Lines from the beginning of the data below through the one containing "pr M_def by simp" are to be printed exactly as they appear.

Data |
"""

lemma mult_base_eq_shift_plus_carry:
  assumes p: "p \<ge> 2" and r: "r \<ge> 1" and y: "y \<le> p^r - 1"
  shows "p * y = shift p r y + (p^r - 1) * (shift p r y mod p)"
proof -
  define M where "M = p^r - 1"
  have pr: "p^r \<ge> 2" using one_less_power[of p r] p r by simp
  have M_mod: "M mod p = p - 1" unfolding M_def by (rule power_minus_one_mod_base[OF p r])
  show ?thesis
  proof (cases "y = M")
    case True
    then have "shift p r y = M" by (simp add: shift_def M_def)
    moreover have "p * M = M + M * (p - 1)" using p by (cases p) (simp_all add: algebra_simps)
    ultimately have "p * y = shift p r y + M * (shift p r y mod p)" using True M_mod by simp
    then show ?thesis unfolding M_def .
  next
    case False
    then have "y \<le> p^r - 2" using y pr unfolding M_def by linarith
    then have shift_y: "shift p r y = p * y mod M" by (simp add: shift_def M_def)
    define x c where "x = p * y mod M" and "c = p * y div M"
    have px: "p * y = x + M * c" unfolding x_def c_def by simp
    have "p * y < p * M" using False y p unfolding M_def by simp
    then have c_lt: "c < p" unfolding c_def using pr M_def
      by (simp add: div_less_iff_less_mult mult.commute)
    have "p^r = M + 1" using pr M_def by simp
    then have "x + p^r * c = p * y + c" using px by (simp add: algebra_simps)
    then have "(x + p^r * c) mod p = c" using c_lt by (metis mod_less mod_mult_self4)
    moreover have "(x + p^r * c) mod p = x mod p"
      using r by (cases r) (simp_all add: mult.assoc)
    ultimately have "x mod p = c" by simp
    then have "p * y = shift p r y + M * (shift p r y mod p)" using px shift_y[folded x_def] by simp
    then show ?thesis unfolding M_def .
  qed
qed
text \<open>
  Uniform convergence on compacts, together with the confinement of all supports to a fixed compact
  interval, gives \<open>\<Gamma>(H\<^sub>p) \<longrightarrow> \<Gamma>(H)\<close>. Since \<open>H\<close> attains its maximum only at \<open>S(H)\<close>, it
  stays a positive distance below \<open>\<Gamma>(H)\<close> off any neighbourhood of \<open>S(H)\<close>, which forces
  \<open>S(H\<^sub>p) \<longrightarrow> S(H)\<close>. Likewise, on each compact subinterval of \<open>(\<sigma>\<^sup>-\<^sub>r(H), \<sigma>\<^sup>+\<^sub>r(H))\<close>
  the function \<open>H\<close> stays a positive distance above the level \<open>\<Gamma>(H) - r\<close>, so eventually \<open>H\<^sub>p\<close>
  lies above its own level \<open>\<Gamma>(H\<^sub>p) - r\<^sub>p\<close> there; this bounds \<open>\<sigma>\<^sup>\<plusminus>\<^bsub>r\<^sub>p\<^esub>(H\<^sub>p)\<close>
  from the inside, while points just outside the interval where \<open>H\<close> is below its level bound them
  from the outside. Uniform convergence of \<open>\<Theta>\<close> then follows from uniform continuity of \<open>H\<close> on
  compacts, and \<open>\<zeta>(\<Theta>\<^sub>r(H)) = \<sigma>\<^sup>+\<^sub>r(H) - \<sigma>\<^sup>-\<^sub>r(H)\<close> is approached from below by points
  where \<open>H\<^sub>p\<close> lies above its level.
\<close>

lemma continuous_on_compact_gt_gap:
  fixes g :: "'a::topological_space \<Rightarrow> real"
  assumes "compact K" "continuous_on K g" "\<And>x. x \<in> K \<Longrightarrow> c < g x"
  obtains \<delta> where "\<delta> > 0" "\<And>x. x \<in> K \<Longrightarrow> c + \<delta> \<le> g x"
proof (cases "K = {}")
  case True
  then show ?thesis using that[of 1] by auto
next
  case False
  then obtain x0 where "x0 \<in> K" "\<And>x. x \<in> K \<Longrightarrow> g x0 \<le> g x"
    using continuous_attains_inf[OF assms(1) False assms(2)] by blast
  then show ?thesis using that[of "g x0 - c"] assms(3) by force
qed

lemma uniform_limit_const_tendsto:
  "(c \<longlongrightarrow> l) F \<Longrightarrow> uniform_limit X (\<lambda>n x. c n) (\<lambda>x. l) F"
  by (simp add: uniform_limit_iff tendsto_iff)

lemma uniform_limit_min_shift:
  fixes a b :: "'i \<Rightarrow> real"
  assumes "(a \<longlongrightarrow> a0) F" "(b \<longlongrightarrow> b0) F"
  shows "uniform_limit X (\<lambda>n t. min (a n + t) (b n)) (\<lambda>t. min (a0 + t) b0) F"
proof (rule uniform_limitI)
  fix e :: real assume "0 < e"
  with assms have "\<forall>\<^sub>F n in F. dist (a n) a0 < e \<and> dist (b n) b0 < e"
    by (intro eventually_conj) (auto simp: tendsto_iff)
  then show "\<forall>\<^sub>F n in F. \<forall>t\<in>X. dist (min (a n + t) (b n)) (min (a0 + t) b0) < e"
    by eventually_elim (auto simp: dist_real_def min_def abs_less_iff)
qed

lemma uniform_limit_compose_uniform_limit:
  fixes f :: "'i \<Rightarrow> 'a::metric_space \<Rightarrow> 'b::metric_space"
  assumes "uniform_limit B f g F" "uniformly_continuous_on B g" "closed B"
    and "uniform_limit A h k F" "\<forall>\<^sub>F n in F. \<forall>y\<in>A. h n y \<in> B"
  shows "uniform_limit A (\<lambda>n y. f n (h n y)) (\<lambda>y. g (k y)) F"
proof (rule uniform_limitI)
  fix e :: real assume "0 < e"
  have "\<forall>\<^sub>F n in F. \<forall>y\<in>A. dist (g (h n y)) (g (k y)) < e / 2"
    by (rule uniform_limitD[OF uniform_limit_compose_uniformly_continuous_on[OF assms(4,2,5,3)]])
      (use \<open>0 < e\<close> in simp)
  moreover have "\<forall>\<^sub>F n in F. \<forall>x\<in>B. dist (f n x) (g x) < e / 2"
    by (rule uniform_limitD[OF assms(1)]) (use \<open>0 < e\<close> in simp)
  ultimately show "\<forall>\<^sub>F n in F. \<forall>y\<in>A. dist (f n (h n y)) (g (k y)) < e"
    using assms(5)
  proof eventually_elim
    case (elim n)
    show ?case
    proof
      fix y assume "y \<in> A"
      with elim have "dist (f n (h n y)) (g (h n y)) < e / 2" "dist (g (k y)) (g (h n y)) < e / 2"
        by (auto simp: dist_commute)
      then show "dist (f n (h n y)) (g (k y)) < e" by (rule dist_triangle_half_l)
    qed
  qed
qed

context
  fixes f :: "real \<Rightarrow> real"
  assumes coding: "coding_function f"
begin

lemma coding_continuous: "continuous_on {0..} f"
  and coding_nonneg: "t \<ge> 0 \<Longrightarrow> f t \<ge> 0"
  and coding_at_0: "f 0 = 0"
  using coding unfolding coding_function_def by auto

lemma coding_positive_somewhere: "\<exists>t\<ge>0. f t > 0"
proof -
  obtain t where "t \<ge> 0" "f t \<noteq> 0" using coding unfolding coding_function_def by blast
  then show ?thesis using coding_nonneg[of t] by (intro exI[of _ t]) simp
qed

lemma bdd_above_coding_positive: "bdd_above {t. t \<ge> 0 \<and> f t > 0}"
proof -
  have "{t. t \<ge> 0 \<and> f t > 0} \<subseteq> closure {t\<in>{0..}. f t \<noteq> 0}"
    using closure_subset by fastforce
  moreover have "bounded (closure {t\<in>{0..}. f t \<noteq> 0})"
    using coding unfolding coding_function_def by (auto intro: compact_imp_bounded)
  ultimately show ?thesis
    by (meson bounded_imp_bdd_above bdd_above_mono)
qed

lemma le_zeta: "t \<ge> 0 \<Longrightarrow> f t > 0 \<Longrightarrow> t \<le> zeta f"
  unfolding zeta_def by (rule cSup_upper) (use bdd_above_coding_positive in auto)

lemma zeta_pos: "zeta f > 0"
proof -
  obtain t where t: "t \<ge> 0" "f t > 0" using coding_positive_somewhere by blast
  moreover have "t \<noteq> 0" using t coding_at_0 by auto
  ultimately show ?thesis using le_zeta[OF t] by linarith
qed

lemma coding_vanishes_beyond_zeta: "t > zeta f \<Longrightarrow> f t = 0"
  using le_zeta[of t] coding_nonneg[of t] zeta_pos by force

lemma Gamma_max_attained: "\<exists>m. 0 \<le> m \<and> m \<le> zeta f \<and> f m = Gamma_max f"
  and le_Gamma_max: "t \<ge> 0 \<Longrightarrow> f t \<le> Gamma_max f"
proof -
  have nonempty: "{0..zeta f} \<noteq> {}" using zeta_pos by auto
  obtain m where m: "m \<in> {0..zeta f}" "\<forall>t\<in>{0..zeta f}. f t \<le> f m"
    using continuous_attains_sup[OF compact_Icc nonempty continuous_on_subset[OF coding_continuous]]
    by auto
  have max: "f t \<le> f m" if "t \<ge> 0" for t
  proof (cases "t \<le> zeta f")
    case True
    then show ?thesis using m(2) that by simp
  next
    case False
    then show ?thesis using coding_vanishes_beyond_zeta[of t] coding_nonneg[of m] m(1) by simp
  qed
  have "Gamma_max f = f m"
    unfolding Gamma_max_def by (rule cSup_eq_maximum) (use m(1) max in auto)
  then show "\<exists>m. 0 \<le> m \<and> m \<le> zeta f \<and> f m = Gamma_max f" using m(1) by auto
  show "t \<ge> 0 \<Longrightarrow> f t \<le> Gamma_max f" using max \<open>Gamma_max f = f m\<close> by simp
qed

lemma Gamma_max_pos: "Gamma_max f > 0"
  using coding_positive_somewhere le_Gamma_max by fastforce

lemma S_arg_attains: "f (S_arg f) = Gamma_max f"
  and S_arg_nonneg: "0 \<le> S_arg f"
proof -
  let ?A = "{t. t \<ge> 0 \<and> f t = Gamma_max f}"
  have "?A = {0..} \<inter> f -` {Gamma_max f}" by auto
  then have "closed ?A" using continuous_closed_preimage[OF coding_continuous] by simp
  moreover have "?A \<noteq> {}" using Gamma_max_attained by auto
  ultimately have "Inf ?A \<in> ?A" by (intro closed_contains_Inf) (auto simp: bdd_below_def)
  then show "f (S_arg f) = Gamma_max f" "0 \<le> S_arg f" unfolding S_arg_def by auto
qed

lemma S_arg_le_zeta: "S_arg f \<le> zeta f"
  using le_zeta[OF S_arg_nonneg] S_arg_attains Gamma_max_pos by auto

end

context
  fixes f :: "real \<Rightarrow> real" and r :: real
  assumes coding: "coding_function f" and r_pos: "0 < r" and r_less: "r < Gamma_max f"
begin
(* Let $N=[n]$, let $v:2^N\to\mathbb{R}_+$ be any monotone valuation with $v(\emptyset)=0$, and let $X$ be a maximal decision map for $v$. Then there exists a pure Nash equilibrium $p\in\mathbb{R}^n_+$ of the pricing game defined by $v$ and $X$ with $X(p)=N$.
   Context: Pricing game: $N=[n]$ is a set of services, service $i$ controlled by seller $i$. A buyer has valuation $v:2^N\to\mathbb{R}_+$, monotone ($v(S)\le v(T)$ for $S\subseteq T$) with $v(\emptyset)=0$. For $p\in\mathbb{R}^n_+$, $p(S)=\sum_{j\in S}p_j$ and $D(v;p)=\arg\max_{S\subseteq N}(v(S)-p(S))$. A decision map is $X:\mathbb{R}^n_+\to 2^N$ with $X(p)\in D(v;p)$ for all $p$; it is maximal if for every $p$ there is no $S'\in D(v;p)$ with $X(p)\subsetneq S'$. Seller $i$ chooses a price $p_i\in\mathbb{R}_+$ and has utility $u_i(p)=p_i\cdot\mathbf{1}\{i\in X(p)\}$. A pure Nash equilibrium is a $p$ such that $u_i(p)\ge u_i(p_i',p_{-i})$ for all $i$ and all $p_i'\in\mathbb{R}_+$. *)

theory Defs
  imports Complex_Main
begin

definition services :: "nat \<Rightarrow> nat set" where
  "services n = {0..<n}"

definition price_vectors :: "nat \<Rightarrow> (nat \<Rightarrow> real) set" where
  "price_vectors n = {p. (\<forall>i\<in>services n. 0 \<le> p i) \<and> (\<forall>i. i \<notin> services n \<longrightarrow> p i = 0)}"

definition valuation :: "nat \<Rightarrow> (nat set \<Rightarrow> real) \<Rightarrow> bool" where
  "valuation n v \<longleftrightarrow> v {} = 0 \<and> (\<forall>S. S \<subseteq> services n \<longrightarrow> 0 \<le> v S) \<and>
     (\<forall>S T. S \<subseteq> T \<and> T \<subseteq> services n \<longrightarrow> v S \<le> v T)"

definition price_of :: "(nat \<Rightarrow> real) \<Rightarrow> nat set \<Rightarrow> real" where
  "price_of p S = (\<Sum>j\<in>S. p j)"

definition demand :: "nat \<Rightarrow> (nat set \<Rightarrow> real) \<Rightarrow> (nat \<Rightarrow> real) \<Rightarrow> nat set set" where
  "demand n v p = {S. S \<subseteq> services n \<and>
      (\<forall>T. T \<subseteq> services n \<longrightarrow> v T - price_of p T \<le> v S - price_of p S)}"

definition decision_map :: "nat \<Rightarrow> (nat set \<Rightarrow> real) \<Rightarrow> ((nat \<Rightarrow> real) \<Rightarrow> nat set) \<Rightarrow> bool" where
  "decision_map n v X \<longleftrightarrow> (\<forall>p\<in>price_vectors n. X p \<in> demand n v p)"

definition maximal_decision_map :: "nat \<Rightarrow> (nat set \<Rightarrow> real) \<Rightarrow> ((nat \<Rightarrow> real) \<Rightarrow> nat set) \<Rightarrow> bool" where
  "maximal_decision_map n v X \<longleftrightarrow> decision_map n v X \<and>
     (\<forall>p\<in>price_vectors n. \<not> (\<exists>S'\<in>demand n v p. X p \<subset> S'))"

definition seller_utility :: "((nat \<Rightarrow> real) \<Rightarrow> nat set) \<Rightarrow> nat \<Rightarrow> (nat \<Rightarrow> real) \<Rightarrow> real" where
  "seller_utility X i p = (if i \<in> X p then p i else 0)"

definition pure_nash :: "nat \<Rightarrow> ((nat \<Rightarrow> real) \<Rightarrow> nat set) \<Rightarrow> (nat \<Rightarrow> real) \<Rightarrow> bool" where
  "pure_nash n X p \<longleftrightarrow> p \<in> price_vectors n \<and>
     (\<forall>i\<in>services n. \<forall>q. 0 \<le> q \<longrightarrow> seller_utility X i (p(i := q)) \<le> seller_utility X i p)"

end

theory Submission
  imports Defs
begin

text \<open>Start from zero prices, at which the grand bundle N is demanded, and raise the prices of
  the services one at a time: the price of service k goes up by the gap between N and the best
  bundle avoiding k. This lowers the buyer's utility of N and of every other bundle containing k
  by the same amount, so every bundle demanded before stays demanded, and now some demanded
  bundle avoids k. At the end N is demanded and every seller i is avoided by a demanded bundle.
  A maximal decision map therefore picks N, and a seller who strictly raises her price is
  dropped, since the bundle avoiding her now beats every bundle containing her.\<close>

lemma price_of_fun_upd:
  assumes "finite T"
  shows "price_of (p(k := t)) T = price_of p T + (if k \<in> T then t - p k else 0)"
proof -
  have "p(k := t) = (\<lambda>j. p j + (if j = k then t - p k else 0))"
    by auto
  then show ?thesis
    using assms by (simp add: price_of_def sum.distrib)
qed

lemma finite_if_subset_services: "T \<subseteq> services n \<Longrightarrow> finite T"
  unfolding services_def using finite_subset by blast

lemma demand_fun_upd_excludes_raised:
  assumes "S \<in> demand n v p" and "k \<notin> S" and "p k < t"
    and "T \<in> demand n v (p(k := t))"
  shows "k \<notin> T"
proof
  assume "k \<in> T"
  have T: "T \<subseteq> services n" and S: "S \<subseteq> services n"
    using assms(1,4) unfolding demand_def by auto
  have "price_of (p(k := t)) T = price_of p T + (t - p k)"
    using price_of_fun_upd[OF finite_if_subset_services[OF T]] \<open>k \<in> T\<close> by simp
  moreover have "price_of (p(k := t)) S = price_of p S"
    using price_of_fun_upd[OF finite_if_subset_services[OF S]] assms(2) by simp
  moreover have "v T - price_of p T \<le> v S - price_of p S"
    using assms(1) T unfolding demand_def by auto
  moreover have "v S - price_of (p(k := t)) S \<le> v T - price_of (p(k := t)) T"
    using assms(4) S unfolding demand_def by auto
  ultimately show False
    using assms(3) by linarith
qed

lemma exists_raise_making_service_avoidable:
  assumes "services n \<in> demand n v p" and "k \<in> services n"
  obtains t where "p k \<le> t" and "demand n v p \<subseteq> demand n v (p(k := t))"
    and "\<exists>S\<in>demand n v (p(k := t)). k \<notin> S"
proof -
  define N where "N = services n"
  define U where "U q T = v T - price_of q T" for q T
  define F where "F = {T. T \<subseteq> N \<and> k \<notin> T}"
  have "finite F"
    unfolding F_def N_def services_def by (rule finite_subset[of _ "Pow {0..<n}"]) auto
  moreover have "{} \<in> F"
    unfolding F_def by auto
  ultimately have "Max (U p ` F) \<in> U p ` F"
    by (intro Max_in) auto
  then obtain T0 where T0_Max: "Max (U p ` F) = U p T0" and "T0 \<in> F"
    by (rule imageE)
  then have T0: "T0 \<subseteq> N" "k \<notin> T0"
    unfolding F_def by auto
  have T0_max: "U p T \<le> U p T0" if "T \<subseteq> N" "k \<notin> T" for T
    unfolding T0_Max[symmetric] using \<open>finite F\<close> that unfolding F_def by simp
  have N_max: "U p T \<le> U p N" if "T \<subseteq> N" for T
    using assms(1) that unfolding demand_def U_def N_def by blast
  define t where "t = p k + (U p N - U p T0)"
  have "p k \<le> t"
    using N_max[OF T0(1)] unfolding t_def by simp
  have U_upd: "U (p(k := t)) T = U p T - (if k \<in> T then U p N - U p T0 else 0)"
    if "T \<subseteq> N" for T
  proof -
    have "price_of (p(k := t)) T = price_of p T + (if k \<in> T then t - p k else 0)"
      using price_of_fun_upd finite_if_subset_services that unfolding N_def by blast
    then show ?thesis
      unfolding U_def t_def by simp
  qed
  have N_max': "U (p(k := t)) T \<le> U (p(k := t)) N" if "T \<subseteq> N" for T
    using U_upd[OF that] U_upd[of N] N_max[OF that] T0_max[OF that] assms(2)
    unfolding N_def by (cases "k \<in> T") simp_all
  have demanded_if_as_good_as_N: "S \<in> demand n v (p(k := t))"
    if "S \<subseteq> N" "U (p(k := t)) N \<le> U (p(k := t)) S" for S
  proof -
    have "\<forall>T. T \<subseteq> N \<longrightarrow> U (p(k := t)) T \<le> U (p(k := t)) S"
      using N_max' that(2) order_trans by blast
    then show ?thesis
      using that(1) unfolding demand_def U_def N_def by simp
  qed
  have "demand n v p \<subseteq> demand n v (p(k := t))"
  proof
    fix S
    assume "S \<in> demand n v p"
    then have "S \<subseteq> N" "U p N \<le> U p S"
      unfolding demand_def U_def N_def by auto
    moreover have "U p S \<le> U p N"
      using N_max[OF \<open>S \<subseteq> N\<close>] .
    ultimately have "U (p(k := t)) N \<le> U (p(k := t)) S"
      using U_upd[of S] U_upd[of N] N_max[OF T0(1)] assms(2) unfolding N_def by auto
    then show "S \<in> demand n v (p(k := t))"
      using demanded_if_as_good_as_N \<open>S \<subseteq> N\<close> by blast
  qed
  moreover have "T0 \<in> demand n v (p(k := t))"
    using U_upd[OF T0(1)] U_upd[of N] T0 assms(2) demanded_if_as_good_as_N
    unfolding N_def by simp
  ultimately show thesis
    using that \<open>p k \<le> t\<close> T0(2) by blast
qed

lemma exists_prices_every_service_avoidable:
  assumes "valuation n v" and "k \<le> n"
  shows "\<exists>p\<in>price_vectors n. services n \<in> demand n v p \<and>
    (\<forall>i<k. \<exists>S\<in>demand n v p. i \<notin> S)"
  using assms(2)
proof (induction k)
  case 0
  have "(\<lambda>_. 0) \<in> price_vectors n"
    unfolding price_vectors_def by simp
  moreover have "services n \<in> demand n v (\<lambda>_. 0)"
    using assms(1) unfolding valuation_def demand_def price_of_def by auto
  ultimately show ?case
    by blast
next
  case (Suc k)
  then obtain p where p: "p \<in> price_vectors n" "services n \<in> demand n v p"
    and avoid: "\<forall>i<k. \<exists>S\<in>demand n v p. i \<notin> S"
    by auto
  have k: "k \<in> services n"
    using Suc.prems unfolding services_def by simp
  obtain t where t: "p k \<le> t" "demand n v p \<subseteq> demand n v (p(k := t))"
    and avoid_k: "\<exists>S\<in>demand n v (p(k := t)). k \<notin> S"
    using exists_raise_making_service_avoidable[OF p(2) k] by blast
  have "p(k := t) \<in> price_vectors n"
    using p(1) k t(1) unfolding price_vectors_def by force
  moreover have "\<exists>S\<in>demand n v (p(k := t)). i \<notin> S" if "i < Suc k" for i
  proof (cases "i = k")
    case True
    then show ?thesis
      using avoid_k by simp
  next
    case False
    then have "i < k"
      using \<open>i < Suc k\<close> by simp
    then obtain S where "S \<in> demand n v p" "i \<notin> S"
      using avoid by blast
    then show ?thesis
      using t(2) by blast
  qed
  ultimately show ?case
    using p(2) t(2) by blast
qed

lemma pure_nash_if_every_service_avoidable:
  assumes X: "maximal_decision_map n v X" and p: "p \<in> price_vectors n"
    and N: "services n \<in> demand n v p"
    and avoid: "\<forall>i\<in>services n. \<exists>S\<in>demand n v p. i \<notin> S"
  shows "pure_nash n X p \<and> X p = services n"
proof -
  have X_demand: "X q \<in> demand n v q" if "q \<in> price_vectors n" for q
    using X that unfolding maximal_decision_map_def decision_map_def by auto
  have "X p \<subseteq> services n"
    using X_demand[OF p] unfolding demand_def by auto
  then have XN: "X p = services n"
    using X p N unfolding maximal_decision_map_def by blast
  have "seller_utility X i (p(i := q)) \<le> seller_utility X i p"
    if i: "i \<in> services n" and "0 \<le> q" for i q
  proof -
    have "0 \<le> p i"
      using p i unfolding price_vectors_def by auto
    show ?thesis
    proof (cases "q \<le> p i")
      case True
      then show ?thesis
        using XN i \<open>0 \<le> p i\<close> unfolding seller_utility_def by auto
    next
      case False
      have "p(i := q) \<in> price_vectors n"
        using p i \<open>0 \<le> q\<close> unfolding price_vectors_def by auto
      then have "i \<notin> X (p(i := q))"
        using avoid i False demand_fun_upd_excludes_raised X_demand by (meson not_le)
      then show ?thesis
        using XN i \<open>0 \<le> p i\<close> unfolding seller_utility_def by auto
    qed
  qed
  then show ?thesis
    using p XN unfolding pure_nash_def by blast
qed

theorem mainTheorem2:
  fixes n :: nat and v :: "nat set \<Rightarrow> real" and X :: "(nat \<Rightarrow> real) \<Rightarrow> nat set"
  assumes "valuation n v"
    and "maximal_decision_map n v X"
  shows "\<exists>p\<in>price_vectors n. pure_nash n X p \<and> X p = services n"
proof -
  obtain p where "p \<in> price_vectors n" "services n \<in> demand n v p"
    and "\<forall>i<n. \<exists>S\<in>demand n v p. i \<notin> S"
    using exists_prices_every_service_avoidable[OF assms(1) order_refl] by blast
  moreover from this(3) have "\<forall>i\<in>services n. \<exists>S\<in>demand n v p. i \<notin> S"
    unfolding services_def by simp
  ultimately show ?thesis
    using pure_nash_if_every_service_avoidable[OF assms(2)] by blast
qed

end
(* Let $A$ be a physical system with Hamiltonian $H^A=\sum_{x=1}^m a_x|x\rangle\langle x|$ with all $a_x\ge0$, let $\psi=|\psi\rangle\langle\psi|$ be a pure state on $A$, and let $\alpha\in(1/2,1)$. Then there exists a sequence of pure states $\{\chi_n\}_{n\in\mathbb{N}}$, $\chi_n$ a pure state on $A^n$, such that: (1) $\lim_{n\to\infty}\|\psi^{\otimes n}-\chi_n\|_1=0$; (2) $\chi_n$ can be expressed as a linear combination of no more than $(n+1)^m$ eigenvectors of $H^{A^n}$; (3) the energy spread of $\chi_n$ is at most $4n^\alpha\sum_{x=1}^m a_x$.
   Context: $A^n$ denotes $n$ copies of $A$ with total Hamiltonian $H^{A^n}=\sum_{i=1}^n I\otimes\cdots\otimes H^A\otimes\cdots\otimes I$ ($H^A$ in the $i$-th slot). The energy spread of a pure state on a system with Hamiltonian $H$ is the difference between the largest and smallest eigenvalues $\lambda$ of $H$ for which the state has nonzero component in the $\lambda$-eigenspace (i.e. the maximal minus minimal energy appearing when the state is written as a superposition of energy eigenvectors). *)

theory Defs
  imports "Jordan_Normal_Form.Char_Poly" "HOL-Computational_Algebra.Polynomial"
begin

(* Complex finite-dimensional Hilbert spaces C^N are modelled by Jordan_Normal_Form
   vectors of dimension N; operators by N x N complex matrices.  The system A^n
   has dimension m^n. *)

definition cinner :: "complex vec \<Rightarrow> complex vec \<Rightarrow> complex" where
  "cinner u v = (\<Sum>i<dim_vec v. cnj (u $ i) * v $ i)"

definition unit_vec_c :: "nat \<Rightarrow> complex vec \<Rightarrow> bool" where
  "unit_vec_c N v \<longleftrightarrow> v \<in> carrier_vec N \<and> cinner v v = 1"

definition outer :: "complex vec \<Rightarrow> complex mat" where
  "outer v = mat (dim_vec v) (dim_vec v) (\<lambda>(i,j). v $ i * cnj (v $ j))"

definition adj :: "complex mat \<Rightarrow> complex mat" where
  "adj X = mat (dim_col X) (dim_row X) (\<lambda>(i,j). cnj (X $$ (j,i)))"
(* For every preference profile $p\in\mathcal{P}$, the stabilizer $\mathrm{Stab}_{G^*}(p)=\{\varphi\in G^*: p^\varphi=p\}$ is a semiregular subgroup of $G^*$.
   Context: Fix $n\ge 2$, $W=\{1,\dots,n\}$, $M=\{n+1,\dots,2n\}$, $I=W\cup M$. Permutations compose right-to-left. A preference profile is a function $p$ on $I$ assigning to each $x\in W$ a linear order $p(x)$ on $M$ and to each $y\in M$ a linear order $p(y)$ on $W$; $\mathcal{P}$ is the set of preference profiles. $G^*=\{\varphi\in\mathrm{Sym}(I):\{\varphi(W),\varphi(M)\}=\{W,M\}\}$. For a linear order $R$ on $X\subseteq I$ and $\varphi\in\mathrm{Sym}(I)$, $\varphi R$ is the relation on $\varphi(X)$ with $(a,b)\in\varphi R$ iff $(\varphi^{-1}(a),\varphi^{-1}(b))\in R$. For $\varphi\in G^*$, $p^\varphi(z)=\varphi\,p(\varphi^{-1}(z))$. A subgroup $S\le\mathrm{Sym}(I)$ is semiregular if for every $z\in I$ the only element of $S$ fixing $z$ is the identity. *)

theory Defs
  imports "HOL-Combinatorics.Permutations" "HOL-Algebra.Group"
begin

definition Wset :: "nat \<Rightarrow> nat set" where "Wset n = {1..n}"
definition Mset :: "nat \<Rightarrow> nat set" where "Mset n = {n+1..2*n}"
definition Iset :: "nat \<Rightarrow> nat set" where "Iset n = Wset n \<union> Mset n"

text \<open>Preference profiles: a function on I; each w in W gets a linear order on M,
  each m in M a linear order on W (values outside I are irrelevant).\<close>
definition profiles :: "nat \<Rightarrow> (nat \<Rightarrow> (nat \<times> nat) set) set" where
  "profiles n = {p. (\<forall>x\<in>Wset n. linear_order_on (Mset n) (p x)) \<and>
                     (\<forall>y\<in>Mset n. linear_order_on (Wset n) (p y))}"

"""

Answer space |
lemma mult_base_eq_shift_plus_carry:
  assumes p: "p \<ge> 2" and r: "r \<ge> 1" and y: "y \<le> p^r - 1"
  shows "p * y = shift p r y + (p^r - 1) * (shift p r y mod p)"
proof -
  define M where "M = p^r - 1"
  have pr: "p^r \<ge> 2" using one_less_power[of p r] p r by simp
  have M_mod: "M mod p = p - 1" unfolding M_def by (rule power_minus_one_mod_base[OF p r])
  show ?thesis
  proof (cases "y = M")
    case True
    then have "shift p r y = M" by (simp add: shift_def M_def)
    moreover have "p * M = M + M * (p - 1)" using p by (cases p) (simp_all add: algebra_simps)
    ultimately have "p * y = shift p r y + M * (shift p r y mod p)" using True M_mod by simp
    then show ?thesis unfolding M_def .
  next
    case False
    then have "y \<le> p^r - 2" using y pr unfolding M_def by linarith
    then have shift_y: "shift p r y = p * y mod M" by (simp add: shift_def M_def)
    define x c where "x = p * y mod M" and "c = p * y div M"
    have px: "p * y = x + M * c" unfolding x_def c_def by simp
    have "p * y < p * M" using False y p unfolding M_def by simp
    then have c_lt: "c < p" unfolding c_def using pr M_def
      by (simp add: div_less_iff_less_mult mult.commute)
    have "p^r = M + 1" using pr M_def by simp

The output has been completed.